14.2 In the event of any such default by Lessee, Lessor shall give Lessee
written notice of default by Certified Mail Return Receipt Requested. If Lessee
has failed to cure said default within ten (10) days from receipt of notice
(except as provided in Section 14.1 (b) Lessor shall have the right to:
(a) Terminate Lessee's right to possession of the Leased Premises by any
lawful means in which case this Lease Agreement shall terminate and Lessee shall
immediately surrender possession of the Leased Premises to Lessor. In such
event Lessor shall be entitled to recover from Lessee all damages incurred by
Lessor by reason of Lessee's default including, but not limited to, the cost of
recovering possession of the Leased Premises, balance of unpaid rent, and
reasonable attorney's fees. Unpaid installments of rent or other sums shall
bear interest from the date due at the rate of ten percent per annum.

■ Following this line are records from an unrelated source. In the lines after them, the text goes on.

lemma integrable_indicator_hist_F:
  assumes t: "t \<in> {1..n}" and [measurable]: "B \<in> sets (hist_space t)" "x \<in> borel_measurable P"
  shows "integrable P (\<lambda>\<omega>. indicator B (hist M t \<omega>) * F t (hist M t \<omega>) (x \<omega>))"
proof (rule integrable_const_bound[where B = 1])
  show "AE \<omega> in P. norm (indicator B (hist M t \<omega>) * F t (hist M t \<omega>) (x \<omega>)) \<le> 1"
    by (intro AE_I2) (auto simp: indicator_def F_abs_le_1[OF t, of M _ "x _"])
  have [measurable]: "(\<lambda>\<omega>. F t (hist M t \<omega>) (x \<omega>)) \<in> borel_measurable P"
    by (rule measurable_F_comp[OF t measurable_hist_M[OF t]]) simp
  have [measurable]: "hist M t \<in> measurable P (hist_space t)" by (rule measurable_hist_M[OF t])
  show "(\<lambda>\<omega>. indicator B (hist M t \<omega>) * F t (hist M t \<omega>) (x \<omega>)) \<in> borel_measurable P" by measurable
qed

lemma prob_hist_le_finite_valued:
  assumes t: "t \<in> {1..n}" and B[measurable]: "B \<in> sets (hist_space t)"
    and phi[measurable]: "phi \<in> borel_measurable (hist_space t)"
    and D: "finite D" "phi ` space (hist_space t) \<subseteq> D"
  shows "prob {\<omega>\<in>space P. hist M t \<omega> \<in> B \<and> M t \<omega> \<le> phi (hist M t \<omega>)}
       = (\<integral>\<omega>. indicator B (hist M t \<omega>) * F t (hist M t \<omega>) (phi (hist M t \<omega>)) \<partial>P)"
proof -
  let ?H = "hist M t"
  have [measurable]: "?H \<in> measurable P (hist_space t)" "M t \<in> borel_measurable P"
    using measurable_hist_M M_borel t by auto
  define Bd where "Bd d = B \<inter> {h\<in>space (hist_space t). phi h = d}" for d
  have Bd[measurable]: "Bd d \<in> sets (hist_space t)" for d unfolding Bd_def by measurable
  have "{\<omega>\<in>space P. ?H \<omega> \<in> B \<and> M t \<omega> \<le> phi (?H \<omega>)} = (\<Union>d\<in>D. {\<omega>\<in>space P. M t \<omega> \<le> d \<and> ?H \<omega> \<in> Bd d})"
    using D(2) hist_in_space[of M t] by (auto simp: Bd_def image_subset_iff)
  then have "prob {\<omega>\<in>space P. ?H \<omega> \<in> B \<and> M t \<omega> \<le> phi (?H \<omega>)}
      = (\<Sum>d\<in>D. prob {\<omega>\<in>space P. M t \<omega> \<le> d \<and> ?H \<omega> \<in> Bd d})"
    by (simp, intro measure_finite_Union D) (auto simp: disjoint_family_on_def Bd_def)
  also have "\<dots> = (\<Sum>d\<in>D. \<integral>\<omega>. indicator (Bd d) (?H \<omega>) * F t (?H \<omega>) d \<partial>P)"
    by (intro sum.cong refl prob_M_le_hist t Bd)
  also have "\<dots> = (\<integral>\<omega>. (\<Sum>d\<in>D. indicator (Bd d) (?H \<omega>) * F t (?H \<omega>) d) \<partial>P)"
    by (rule Bochner_Integration.integral_sum[symmetric]) (rule integrable_indicator_hist_F[OF t Bd], simp)
  also have "\<dots> = (\<integral>\<omega>. indicator B (?H \<omega>) * F t (?H \<omega>) (phi (?H \<omega>)) \<partial>P)"
  proof (rule Bochner_Integration.integral_cong[OF refl])
    fix \<omega>
    have "(\<Sum>d\<in>D. indicator (Bd d) (?H \<omega>) * F t (?H \<omega>) d)
        = (\<Sum>d\<in>D. if phi (?H \<omega>) = d then indicator B (?H \<omega>) * F t (?H \<omega>) (phi (?H \<omega>)) else 0)"
      using hist_in_space[of M t \<omega>] by (intro sum.cong refl) (auto simp: Bd_def indicator_def)
    also have "\<dots> = indicator B (?H \<omega>) * F t (?H \<omega>) (phi (?H \<omega>))"
      using D hist_in_space[of M t \<omega>] by (simp add: sum.delta image_subset_iff)
    finally show "(\<Sum>d\<in>D. indicator (Bd d) (?H \<omega>) * F t (?H \<omega>) d) = \<dots>" .
  qed
  finally show ?thesis .
qed

lemma tendsto_prob_hist_le_dyadic_approx:
  assumes t: "t \<in> {1..n}" and [measurable]: "B \<in> sets (hist_space t)" "phi \<in> borel_measurable (hist_space t)"
  shows "(\<lambda>k. prob {\<omega>\<in>space P. hist M t \<omega> \<in> B \<and> M t \<omega> \<le> dyadic_approx k (phi (hist M t \<omega>))})
    \<longlonglongrightarrow> prob {\<omega>\<in>space P. hist M t \<omega> \<in> B \<and> M t \<omega> \<le> phi (hist M t \<omega>)}"
proof (rule tendsto_prob_eventually_mem)
  let ?H = "hist M t"
  have [measurable]: "?H \<in> measurable P (hist_space t)" "M t \<in> borel_measurable P"
    using measurable_hist_M M_borel t by auto
  show "{\<omega>\<in>space P. ?H \<omega> \<in> B \<and> M t \<omega> \<le> dyadic_approx k (phi (?H \<omega>))} \<in> events" for k
    unfolding dyadic_approx_def by measurable
  show "{\<omega>\<in>space P. ?H \<omega> \<in> B \<and> M t \<omega> \<le> phi (?H \<omega>)} \<in> events" by measurable
  fix \<omega> assume "\<omega> \<in> space P"
  show "eventually (\<lambda>k. \<omega> \<in> {\<omega>\<in>space P. ?H \<omega> \<in> B \<and> M t \<omega> \<le> dyadic_approx k (phi (?H \<omega>))}
      \<longleftrightarrow> \<omega> \<in> {\<omega>\<in>space P. ?H \<omega> \<in> B \<and> M t \<omega> \<le> phi (?H \<omega>)}) sequentially"
  proof (cases "M t \<omega> \<le> phi (?H \<omega>)")
    case True
    show ?thesis using eventually_le_dyadic_approx[of "phi (?H \<omega>)"]
      by eventually_elim (use True in auto)
  next
    case False
    then have "eventually (\<lambda>k. dyadic_approx k (phi (?H \<omega>)) < M t \<omega>) sequentially"
      using order_tendstoD(2)[OF dyadic_approx_tendsto] by simp
    then show ?thesis by eventually_elim (use False in auto)
  qed
qed

lemma tendsto_integral_hist_F_dyadic_approx:
  assumes t: "t \<in> {1..n}" and [measurable]: "B \<in> sets (hist_space t)" "phi \<in> borel_measurable (hist_space t)"
  shows "(\<lambda>k. \<integral>\<omega>. indicator B (hist M t \<omega>) * F t (hist M t \<omega>) (dyadic_approx k (phi (hist M t \<omega>))) \<partial>P)
    \<longlonglongrightarrow> (\<integral>\<omega>. indicator B (hist M t \<omega>) * F t (hist M t \<omega>) (phi (hist M t \<omega>)) \<partial>P)"
proof (rule integral_dominated_convergence[where w = "\<lambda>_. 1"])
  let ?H = "hist M t"
  have [measurable]: "?H \<in> measurable P (hist_space t)" by (rule measurable_hist_M[OF t])
  show "(\<lambda>\<omega>. indicator B (?H \<omega>) * F t (?H \<omega>) (phi (?H \<omega>))) \<in> borel_measurable P"
    using measurable_F_comp[OF t, of ?H P "\<lambda>\<omega>. phi (?H \<omega>)"] by measurable
  show "(\<lambda>\<omega>. indicator B (?H \<omega>) * F t (?H \<omega>) (dyadic_approx k (phi (?H \<omega>)))) \<in> borel_measurable P" for k
    using measurable_F_comp[OF t, of ?H P "\<lambda>\<omega>. dyadic_approx k (phi (?H \<omega>))"]
    unfolding dyadic_approx_def by measurable
  show "AE \<omega> in P. norm (indicator B (?H \<omega>) * F t (?H \<omega>) (dyadic_approx k (phi (?H \<omega>)))) \<le> 1" for k
    by (intro AE_I2) (auto simp: indicator_def F_abs_le_1[OF t, of M _ "dyadic_approx k _"])
  show "AE \<omega> in P. (\<lambda>k. indicator B (?H \<omega>) * F t (?H \<omega>) (dyadic_approx k (phi (?H \<omega>))))
      \<longlonglongrightarrow> indicator B (?H \<omega>) * F t (?H \<omega>) (phi (?H \<omega>))"
  proof (rule AE_I2)
    fix \<omega>
    have "continuous (at_right (phi (?H \<omega>))) (F t (?H \<omega>))"
      using F_distribution_function[OF t hist_in_space, of M \<omega>] by (simp add: distribution_function_def)
    then show "(\<lambda>k. indicator B (?H \<omega>) * F t (?H \<omega>) (dyadic_approx k (phi (?H \<omega>))))
        \<longlonglongrightarrow> indicator B (?H \<omega>) * F t (?H \<omega>) (phi (?H \<omega>))"
      by (intro tendsto_mult_left tendsto_dyadic_approx_right_continuous)
  qed
qed simp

(b) Pursue any other remedy now or hereafter available to Lessor under the
laws of the State of Texas.
ARTICLE 15. NON-WAIVER OF DEFAULT
The forbearance of the exercise of any right of Lessor or Lessee arising
hereunder shall not be deemed a waiver of any right of Lessor or Lessee. All
rights and remedies of Lessor or Lessee hereunder shall be cumulative and may be
exercised and enforced concurrently whenever and as often as occasion therefor
arises.
ARTICLE 16. NOTICE
All notices to be given to Lessee by Lessor shall be in writing, deposited
in the United States mail, certified or registered, postage prepaid, and
addressed to Lessee at Stewart & Stevenson Services, Inc., at P.O. Box 1637,
Houston, Texas 77251-1637, to the attention of David Stewart. All notices to be
given to Lessor by Lessee shall be in writing, deposited in the United States
mail, certified or registered, postage prepaid, and addressed to Lessor at 5608
Candlewood, Houston, Texas 77056, to the attention of Joe Manning. Notices
shall be deemed to be delivered when deposited in the United States mail as
above provided. Changes of address of either party must be by notice given to
the other party in the same manner as above provided.

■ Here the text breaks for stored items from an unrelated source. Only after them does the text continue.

definition columns_260 :: "int list list" where
  "columns_260 = [
   [130, 91, 52, 143, 169, 65, 156, 182, 78, 39, 117, 208, 234, 0, 221, 247, 13, 104, 195, 26,
    40, 160, 120, 220, 100, 140, 1, 121, 81, 181, 61, 101, 222, 82, 42, 142, 22, 62, 183, 43, 3,
    103, 243, 23, 144, 4, 224, 64, 204, 244, 105, 225, 185, 25, 165, 205, 66, 186, 146, 246,
    126, 166, 27, 147, 107, 207, 87, 127, 248, 108, 68, 168, 48, 88, 209, 69, 29, 129, 9, 49,
    170, 30, 250, 90, 230, 10, 131, 251, 211, 51, 191, 231, 92, 212, 172, 12, 152, 192, 53, 173,
    133, 233, 113, 153, 14, 134, 94, 194, 74, 114, 235, 95, 55, 155, 35, 75, 196, 56, 16, 116,
    256, 36, 157, 17, 237, 77, 217, 257, 118, 238, 198, 38, 178, 218, 79, 199, 159, 259, 139,
    179, 80, 60, 240, 180, 200, 20, 41, 21, 201, 141, 161, 241, 2, 242, 162, 102, 122, 202, 223,
    203, 123, 63, 83, 163, 184, 164, 84, 24, 44, 124, 145, 125, 45, 245, 5, 85, 106, 86, 6, 206,
    226, 46, 67, 47, 227, 167, 187, 7, 28, 8, 188, 128, 148, 228, 249, 229, 149, 89, 109, 189,
    210, 190, 110, 50, 70, 150, 171, 151, 71, 11, 31, 111, 132, 112, 32, 232, 252, 72, 93, 73,
    253, 193, 213, 33, 54, 34, 214, 154, 174, 254, 15, 255, 175, 115, 135, 215, 236, 216, 136,
    76, 96, 176, 197, 177, 97, 37, 57, 137, 158, 138, 58, 258, 18, 98, 119, 99, 19, 219, 239, 59],
   [195, 52, 104, 26, 208, 0, 182, 39, 156, 143, 91, 78, 130, 247, 234, 169, 221, 13, 65, 117,
    249, 229, 149, 89, 109, 189, 194, 74, 114, 14, 134, 94, 226, 46, 106, 86, 6, 206, 133, 233,
    113, 153, 53, 173, 212, 172, 12, 152, 192, 92, 32, 232, 252, 72, 132, 112, 17, 237, 77, 217,
    257, 157, 3, 103, 243, 23, 183, 43, 126, 166, 66, 186, 146, 246, 191, 231, 131, 251, 211,
    51, 71, 11, 31, 111, 171, 151, 215, 15, 255, 175, 115, 135, 227, 167, 187, 7, 67, 47, 5, 85,
    145, 125, 45, 245, 68, 168, 48, 88, 248, 108, 102, 122, 202, 2, 242, 162, 8, 188, 128, 148,
    228, 28, 147, 107, 207, 87, 127, 27, 140, 40, 160, 120, 220, 100, 4, 224, 64, 204, 244, 144,
    137, 197, 177, 97, 37, 57, 174, 254, 54, 34, 214, 154, 180, 200, 20, 80, 60, 240, 142, 22,
    62, 222, 82, 42, 181, 61, 101, 1, 121, 81, 30, 250, 90, 230, 10, 170, 49, 209, 69, 29, 129,
    9, 56, 16, 116, 256, 36, 196, 123, 63, 83, 163, 223, 203, 105, 225, 185, 25, 165, 205, 21,
    201, 141, 161, 241, 41, 199, 159, 259, 139, 179, 79, 18, 98, 158, 138, 58, 258, 76, 96, 176,
    236, 216, 136, 73, 253, 193, 213, 33, 93, 235, 95, 55, 155, 35, 75, 110, 50, 70, 150, 210,
    190, 118, 238, 198, 38, 178, 218, 164, 84, 24, 44, 124, 184, 59, 119, 99, 19, 219, 239],
   [65, 169, 208, 117, 26, 130, 104, 13, 182, 91, 247, 221, 195, 39, 143, 156, 0, 234, 78, 52,
    84, 24, 44, 124, 184, 164, 21, 201, 141, 161, 241, 41, 177, 97, 37, 57, 137, 197, 202, 2,
    242, 162, 102, 122, 214, 154, 174, 254, 54, 34, 42, 142, 22, 62, 222, 82, 98, 158, 138, 58,
    258, 18, 67, 47, 227, 167, 187, 7, 114, 14, 134, 94, 194, 74, 70, 150, 210, 190, 110, 50,
    204, 244, 144, 4, 224, 64, 80, 60, 240, 180, 200, 20, 108, 68, 168, 48, 88, 248, 29, 129, 9,
    49, 209, 69, 35, 75, 235, 95, 55, 155, 8, 188, 128, 148, 228, 28, 19, 219, 239, 59, 119, 99,
    126, 166, 66, 186, 146, 246, 85, 145, 125, 45, 245, 5, 101, 1, 121, 81, 181, 61, 183, 43, 3,
    103, 243, 23, 152, 192, 92, 212, 172, 12, 32, 232, 252, 72, 132, 112, 136, 76, 96, 176, 236,
    216, 109, 189, 249, 229, 149, 89, 113, 153, 53, 173, 133, 233, 63, 83, 163, 223, 203, 123,
    165, 205, 105, 225, 185, 25, 226, 46, 106, 86, 6, 206, 215, 15, 255, 175, 115, 135, 77, 217,
    257, 157, 17, 237, 259, 139, 179, 79, 199, 159, 16, 116, 256, 36, 196, 56, 218, 118, 238,
    198, 38, 178, 213, 33, 93, 73, 253, 193, 90, 230, 10, 170, 30, 250, 107, 207, 87, 127, 27,
    147, 211, 51, 191, 231, 131, 251, 140, 40, 160, 120, 220, 100, 11, 31, 111, 171, 151, 71]]"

ARTICLE 17. PRIOR AGREEMENTS SUPERCEDED
This Lease Agreement constitutes the sole and only agreement between the
parties respecting the subject matter of this Lease Agreement and supercedes any
prior agreements and understandings, whether oral or written.
ARTICLE 18. AMENDMENT
No amendment or alteration or the terms hereof shall be of any force or
effect unless the same shall be in writing, dated subsequent to the date of
execution hereof, and duly executed by the parties hereto.
EXECUTED this 17th day of May, 1990.
STEWART & STEVENSON SERVICES, INC.
By: /s/ C. Jim Stewart II By: /s/ Joe Manning, Jr.

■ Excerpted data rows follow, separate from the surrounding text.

theorem mainTheorem15:
  fixes p :: "(nat \<Rightarrow> 'v) pmf" and n :: nat and C :: "nat set" and Qs :: "nat set list"
  assumes fin: "\<And>i. i \<in> {1..n} \<Longrightarrow> finite_entropy p {i}"
    and C_sub: "C \<subseteq> {1..n}"
    and Q_sub: "\<And>Q. Q \<in> set Qs \<Longrightarrow> Q \<subseteq> {1..n}"
    and pure: "pure_form C Qs"
  shows "cmi_valid p C Qs \<longleftrightarrow>
           (cmi_valid p C [repeated Qs, repeated Qs] \<and>
            cmi_valid p C (filter (\<lambda>S. S \<noteq> {}) (map (\<lambda>Q. Q - repeated Qs) Qs)))"
proof -
  define f where "f X = Hc p X C" for X
  have "polymatroid {1..n} (H p)"
    using fin by (intro polymatroid_H) auto
  then interpret polymatroid "{1..n}" f
    unfolding f_def Hc_def using C_sub by (rule polymatroid.conditional)
  have Qs_sub: "\<forall>Q\<in>set Qs. Q \<subseteq> {1..n}"
    using Q_sub by blast
  have I_sub: "repeated Qs \<subseteq> {1..n}"
    using repeated_subset_Union Qs_sub by blast
  have "0 \<le> f (repeated Qs)" "f (repeated Qs) \<le> total_correlation f Qs"
    using nonneg[OF I_sub] polymatroid_repeated_le_total_correlation[OF polymatroid_axioms Qs_sub]
    by auto
  moreover have "cmi_valid p C [repeated Qs, repeated Qs] \<longleftrightarrow> f (repeated Qs) = 0"
    unfolding cmi_valid_iff_total_correlation total_correlation_def f_def by simp
  ultimately show ?thesis
    unfolding cmi_valid_iff_total_correlation f_def[symmetric]
    using total_correlation_diff_null[OF I_sub _ Qs_sub] by fastforce
qed

end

_________________________ _________________________
C. Jim Stewart II
Chairman of the Board By: /s/ C.E. Ames
_________________________
STATE OF TEXAS )
)
COUNTY OF HARRIS )
Before me, the undersigned authority, on this day personally appeared C.
JIM STEWART II, an officer of Stewart & Stevenson Services, Inc., a Texas
corporation, known to me to be the person and officer whose name is subscribed
to the foregoing instrument and acknowledged to me that he executed the same in
the capacity therein stated for the purposes and consideration therein
expressed.
Given under my hand and seal of office, this 17th day of May, 1990.
/s/ Estelle M. Bartling
_______________________________
Notary Public in and for
Harris County, Texas
STATE OF TEXAS )
)
COUNTY OF HARRIS )
Before me, the undersigned authority, on this day personally appeared Joe
Manning, Jr., an individual resident of Harris County, Texas known to me to be
the person whose name is subscribed to the foregoing instrument and acknowledge
to me that he executed the same in the capacity therein stated for the purposes
and consideration therein expressed.
Given under my hand and seal of office, this 4th day of May, 1990.
/s/ Joeanne C. Bush
___________________________________
Notary Public in and for
Harris County, Texas
STATE OF TEXAS )
)
COUNTY OF HARRIS )
Before me, the undersigned authority, on this day personally appeared C.E.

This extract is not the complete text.